Items listed in a dataset
________________________
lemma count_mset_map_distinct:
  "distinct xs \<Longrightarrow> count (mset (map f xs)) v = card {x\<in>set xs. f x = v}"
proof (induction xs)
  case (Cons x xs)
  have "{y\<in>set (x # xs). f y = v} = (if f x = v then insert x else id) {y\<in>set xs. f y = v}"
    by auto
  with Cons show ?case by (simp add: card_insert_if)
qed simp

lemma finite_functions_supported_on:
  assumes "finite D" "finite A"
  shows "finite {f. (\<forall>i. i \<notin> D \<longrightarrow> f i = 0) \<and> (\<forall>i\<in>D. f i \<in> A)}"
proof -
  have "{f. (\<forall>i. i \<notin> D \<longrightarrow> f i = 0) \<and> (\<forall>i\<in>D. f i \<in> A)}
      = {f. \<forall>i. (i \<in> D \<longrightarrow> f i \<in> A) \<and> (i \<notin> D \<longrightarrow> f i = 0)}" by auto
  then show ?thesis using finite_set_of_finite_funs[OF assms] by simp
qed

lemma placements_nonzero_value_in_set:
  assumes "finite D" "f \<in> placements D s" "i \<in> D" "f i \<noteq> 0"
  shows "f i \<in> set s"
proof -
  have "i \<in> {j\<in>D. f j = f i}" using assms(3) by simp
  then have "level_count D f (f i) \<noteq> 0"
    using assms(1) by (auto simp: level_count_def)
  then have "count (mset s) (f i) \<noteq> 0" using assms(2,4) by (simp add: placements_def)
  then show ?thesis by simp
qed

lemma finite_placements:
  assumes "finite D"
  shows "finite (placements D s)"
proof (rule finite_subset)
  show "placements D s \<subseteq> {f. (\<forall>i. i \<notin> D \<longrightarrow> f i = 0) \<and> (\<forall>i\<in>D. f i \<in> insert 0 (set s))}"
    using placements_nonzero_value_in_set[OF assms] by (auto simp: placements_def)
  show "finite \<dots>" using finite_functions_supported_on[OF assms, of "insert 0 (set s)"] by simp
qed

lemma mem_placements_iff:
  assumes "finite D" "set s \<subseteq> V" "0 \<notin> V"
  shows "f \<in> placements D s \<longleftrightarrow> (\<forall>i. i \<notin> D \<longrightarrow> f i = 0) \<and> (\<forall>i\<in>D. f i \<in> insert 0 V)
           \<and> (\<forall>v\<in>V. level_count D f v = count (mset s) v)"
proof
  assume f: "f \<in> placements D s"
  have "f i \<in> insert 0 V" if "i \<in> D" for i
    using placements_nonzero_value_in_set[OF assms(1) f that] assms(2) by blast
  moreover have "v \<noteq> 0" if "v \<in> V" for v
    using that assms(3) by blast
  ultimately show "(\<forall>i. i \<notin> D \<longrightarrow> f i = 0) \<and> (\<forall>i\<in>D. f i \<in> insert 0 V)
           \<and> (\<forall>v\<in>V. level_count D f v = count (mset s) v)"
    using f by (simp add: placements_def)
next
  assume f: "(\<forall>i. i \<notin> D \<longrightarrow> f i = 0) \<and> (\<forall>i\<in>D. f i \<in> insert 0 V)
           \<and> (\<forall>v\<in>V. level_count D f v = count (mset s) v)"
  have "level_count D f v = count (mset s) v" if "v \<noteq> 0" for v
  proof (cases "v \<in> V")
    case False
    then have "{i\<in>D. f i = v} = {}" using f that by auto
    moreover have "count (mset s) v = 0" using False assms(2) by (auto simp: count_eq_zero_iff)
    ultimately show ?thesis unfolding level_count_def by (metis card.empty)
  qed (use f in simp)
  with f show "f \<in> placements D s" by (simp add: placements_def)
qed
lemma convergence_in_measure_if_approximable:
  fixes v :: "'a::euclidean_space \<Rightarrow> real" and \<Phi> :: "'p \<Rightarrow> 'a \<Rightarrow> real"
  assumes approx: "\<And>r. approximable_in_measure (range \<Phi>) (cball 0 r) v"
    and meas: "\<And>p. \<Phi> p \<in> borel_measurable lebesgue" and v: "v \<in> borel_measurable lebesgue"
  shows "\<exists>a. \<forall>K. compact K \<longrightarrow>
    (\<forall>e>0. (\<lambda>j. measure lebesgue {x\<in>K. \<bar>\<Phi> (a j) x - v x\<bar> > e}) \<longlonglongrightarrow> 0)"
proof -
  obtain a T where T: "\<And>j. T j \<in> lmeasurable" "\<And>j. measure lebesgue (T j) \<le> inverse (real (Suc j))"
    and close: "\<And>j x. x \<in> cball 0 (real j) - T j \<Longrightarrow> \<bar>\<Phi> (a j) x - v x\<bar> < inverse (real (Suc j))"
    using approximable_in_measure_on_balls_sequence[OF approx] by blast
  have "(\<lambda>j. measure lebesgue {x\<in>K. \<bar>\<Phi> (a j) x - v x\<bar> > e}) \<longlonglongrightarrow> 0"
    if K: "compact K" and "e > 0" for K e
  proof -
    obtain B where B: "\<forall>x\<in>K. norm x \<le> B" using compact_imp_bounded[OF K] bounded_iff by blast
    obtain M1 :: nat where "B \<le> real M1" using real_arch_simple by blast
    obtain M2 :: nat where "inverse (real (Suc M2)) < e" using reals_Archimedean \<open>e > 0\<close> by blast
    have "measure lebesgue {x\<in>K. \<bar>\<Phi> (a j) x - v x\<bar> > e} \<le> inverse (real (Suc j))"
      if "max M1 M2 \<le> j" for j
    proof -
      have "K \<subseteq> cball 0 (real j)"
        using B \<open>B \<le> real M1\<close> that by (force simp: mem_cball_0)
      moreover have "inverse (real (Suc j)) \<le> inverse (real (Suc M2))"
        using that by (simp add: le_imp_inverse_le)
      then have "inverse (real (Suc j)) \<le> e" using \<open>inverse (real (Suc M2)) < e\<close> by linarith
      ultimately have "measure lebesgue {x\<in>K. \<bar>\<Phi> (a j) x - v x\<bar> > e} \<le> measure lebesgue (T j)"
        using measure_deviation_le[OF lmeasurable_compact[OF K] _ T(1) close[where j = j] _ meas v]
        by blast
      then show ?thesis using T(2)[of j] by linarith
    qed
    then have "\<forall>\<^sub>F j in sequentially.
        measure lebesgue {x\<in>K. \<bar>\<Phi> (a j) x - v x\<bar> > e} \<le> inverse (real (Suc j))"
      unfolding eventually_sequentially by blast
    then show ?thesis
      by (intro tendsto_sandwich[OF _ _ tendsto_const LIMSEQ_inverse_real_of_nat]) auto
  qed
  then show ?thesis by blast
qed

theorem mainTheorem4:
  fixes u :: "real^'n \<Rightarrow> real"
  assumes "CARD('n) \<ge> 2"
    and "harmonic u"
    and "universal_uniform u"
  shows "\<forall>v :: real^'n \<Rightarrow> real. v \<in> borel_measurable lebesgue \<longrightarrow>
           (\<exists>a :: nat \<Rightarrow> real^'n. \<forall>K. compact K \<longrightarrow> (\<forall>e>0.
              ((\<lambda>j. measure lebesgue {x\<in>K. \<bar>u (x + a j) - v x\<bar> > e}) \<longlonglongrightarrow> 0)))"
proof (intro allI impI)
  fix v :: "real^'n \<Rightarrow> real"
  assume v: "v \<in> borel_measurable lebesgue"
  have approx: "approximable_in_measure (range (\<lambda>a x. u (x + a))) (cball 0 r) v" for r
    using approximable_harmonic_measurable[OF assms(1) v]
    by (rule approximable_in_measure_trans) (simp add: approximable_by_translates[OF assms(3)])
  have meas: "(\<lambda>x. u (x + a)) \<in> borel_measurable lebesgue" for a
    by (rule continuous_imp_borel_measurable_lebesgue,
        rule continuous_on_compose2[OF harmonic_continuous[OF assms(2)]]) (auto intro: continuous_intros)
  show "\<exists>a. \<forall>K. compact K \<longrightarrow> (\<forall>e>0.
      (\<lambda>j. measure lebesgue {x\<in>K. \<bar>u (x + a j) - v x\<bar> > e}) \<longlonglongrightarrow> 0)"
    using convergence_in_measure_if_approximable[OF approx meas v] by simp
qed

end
________________________
### Problem requirements:
An exact copy of the lines above between the line holding "then show ?thesis using T(2)[of" and the line holding "unfolding eventually_sequentially by", inclusive, is the whole answer.

### Task answer:
      then show ?thesis using T(2)[of j] by linarith
    qed
    then have "\<forall>\<^sub>F j in sequentially.
        measure lebesgue {x\<in>K. \<bar>\<Phi> (a j) x - v x\<bar> > e} \<le> inverse (real (Suc j))"
      unfolding eventually_sequentially by blast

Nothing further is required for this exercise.